WHAT YOU WILL DO:
Where the string "ccontr" occurs in a line of the data below, that line should be copied.

Saved data entries:

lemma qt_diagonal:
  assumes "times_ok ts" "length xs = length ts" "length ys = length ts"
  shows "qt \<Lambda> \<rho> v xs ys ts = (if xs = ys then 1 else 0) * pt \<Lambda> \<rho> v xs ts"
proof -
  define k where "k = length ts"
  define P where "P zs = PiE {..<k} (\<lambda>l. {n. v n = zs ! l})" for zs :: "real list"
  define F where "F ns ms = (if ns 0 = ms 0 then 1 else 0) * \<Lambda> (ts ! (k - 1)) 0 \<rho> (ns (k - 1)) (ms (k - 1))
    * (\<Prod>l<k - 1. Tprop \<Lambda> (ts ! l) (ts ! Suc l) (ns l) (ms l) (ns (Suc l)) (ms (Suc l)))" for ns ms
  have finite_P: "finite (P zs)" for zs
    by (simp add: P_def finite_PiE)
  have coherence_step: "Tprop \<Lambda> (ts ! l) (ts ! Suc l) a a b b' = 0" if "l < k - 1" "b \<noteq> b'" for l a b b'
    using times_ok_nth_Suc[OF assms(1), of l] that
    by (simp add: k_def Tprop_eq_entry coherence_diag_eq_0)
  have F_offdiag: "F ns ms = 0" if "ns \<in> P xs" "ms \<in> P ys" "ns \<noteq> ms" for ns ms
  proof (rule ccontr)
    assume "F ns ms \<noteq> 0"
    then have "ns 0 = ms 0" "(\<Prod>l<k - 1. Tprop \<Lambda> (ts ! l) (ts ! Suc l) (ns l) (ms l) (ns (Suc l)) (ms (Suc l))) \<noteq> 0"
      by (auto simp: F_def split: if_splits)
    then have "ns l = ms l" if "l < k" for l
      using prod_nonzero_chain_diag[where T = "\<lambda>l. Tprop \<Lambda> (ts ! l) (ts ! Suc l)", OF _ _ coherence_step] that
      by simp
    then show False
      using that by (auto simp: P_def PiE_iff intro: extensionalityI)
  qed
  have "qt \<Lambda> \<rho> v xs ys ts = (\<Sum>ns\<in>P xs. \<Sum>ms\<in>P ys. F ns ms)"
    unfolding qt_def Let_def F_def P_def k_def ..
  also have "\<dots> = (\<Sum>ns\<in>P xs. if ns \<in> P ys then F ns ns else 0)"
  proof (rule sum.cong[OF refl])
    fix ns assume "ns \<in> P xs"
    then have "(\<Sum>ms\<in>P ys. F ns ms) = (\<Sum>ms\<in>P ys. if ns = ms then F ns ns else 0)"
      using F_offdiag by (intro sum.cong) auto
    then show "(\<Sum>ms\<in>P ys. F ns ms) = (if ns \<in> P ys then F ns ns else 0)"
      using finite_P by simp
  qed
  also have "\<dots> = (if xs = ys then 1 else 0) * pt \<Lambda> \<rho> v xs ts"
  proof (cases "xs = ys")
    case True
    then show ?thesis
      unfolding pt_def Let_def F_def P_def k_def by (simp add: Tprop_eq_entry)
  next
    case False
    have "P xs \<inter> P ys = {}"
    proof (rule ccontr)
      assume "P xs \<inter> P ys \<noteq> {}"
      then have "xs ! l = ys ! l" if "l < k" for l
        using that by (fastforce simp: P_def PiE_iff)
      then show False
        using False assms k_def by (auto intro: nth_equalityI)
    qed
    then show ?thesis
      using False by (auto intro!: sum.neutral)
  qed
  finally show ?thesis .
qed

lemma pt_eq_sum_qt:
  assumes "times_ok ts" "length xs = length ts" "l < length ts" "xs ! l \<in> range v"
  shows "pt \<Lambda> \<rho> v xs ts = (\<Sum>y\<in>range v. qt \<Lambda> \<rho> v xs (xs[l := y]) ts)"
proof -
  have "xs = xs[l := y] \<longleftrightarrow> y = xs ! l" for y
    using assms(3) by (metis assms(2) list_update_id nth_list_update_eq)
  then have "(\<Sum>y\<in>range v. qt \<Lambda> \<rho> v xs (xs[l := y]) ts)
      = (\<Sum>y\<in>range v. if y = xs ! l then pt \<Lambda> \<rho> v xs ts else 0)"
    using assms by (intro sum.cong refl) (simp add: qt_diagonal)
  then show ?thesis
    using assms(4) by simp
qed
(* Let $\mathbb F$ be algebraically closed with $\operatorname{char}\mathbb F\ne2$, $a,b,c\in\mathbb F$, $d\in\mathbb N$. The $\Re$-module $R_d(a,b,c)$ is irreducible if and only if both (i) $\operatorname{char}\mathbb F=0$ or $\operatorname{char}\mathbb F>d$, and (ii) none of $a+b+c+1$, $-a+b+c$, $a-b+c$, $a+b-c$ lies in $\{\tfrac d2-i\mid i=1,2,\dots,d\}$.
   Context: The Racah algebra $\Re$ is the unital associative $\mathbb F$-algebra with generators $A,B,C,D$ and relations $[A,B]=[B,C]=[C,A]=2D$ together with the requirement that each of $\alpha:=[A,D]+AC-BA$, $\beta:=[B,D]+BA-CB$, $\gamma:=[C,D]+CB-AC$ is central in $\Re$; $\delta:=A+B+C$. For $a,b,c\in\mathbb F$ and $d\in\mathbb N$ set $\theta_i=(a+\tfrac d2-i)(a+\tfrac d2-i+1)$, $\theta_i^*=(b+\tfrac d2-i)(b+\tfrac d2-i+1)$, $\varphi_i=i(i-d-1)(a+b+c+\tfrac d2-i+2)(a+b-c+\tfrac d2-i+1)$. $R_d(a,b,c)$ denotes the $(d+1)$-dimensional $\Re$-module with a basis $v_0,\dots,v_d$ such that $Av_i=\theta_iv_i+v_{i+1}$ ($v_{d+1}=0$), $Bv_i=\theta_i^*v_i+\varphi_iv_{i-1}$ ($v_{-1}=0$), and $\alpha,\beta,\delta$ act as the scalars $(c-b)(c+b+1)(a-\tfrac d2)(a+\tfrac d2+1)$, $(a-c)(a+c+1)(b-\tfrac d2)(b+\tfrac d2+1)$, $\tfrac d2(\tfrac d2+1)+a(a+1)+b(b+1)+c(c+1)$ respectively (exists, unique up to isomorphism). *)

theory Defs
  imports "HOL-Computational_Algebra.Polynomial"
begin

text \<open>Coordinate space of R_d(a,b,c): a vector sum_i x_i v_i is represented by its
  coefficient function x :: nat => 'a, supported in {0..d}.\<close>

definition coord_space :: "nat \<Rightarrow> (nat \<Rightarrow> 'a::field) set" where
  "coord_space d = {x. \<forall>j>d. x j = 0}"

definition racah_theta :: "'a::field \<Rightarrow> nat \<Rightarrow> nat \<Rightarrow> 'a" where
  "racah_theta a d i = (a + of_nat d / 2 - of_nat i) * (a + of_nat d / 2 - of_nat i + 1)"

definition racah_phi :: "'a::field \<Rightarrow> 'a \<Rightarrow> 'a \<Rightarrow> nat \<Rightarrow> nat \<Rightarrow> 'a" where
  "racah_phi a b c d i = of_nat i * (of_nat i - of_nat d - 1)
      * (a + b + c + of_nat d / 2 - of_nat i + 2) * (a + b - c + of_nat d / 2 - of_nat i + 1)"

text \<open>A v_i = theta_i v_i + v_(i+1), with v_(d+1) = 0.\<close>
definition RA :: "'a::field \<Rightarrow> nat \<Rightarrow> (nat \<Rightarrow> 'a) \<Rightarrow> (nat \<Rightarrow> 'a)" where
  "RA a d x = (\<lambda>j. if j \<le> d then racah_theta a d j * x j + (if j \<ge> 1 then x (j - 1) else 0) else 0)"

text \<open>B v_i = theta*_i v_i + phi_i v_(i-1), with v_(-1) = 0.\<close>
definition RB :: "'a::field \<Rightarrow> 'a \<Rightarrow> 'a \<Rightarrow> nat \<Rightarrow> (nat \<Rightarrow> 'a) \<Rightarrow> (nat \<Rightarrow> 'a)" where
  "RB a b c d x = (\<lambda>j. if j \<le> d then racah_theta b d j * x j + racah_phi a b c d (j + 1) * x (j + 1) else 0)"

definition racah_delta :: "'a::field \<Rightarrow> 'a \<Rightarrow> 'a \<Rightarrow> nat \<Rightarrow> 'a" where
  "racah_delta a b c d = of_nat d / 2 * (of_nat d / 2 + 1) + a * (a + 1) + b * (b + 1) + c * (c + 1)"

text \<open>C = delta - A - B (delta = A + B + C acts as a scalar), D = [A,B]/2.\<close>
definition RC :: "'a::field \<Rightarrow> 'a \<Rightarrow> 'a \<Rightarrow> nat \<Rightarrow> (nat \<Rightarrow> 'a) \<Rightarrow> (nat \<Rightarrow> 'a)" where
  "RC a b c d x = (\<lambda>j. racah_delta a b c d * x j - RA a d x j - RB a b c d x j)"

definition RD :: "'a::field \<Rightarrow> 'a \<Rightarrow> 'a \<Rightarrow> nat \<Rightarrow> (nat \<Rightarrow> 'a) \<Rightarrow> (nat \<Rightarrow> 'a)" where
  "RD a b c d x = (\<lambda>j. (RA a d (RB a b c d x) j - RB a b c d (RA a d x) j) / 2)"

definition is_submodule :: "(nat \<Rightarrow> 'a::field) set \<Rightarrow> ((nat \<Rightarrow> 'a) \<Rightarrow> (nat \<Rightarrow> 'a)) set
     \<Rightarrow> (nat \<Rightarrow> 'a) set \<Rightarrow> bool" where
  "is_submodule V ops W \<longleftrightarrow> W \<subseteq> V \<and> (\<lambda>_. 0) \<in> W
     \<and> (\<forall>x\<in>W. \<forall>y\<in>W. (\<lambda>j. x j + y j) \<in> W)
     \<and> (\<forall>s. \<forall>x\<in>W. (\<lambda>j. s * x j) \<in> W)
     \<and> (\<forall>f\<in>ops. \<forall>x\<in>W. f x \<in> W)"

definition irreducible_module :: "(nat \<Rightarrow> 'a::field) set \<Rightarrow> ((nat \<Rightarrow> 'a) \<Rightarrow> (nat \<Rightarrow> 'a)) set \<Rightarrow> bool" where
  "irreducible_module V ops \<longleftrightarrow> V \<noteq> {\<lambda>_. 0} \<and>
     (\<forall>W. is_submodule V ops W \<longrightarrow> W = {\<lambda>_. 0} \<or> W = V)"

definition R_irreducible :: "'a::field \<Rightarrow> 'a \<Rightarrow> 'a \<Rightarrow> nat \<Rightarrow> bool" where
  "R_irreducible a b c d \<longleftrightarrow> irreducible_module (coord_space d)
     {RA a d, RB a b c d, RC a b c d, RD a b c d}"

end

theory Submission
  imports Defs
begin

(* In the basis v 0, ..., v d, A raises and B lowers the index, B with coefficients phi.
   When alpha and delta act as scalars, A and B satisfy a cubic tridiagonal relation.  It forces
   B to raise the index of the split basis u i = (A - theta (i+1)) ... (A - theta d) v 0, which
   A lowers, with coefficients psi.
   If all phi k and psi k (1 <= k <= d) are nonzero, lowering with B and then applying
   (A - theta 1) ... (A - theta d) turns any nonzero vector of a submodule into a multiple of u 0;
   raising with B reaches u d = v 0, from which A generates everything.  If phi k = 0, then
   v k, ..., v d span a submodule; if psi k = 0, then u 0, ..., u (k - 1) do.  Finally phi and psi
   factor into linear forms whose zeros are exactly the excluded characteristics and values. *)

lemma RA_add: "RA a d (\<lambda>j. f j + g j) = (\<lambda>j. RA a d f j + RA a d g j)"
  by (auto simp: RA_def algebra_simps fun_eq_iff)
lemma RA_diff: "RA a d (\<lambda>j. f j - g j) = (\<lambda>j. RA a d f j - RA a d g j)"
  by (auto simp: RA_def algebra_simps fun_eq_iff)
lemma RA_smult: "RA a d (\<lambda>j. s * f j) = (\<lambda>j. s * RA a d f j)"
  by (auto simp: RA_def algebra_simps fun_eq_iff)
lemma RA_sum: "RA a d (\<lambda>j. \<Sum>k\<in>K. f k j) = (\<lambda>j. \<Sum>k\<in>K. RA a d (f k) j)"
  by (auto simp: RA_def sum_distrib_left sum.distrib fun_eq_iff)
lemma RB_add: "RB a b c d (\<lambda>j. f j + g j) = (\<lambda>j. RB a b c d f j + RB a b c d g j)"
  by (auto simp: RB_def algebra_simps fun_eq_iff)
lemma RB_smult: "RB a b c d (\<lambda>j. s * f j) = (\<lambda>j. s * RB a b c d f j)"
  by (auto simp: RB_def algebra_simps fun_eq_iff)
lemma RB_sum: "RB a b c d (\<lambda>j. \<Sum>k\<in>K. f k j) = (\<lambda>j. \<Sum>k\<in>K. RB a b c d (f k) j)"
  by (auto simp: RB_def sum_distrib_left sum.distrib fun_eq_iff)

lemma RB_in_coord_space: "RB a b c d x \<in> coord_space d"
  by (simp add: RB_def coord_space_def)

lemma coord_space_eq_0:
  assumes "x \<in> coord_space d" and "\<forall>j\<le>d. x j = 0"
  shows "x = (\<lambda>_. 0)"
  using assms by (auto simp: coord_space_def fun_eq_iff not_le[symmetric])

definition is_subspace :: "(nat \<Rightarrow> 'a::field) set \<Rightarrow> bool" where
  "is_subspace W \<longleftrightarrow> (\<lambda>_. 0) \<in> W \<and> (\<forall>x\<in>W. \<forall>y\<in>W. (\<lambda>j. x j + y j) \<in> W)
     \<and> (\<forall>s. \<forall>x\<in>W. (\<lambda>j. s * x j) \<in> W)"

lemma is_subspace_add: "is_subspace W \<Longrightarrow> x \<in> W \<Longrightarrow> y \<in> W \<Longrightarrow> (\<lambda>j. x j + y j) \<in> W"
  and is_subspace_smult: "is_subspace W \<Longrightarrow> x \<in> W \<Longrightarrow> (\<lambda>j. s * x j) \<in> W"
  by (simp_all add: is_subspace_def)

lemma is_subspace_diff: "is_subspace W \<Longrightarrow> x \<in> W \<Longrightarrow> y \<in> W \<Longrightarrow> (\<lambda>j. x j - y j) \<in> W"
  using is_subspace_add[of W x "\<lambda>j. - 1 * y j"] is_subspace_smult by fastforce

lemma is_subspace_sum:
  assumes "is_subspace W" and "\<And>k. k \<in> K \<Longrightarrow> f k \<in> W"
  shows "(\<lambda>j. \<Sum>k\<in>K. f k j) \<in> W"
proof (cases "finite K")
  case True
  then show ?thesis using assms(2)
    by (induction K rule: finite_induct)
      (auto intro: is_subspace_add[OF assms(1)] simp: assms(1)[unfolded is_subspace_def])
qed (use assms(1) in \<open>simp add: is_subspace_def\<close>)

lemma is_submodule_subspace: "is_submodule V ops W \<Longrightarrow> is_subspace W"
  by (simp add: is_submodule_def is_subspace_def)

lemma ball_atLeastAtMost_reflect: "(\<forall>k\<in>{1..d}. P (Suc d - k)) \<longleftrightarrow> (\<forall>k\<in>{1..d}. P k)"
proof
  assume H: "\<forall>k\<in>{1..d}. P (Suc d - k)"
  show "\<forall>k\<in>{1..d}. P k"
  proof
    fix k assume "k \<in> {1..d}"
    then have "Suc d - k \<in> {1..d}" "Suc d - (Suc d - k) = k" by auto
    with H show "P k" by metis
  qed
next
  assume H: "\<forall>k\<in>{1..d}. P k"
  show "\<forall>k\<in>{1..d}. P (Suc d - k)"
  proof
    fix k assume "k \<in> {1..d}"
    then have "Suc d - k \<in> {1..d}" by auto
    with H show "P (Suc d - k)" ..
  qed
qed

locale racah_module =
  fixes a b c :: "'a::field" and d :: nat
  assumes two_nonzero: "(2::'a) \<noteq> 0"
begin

SOLVED PROBLEM:
  proof (rule ccontr)
    proof (rule ccontr)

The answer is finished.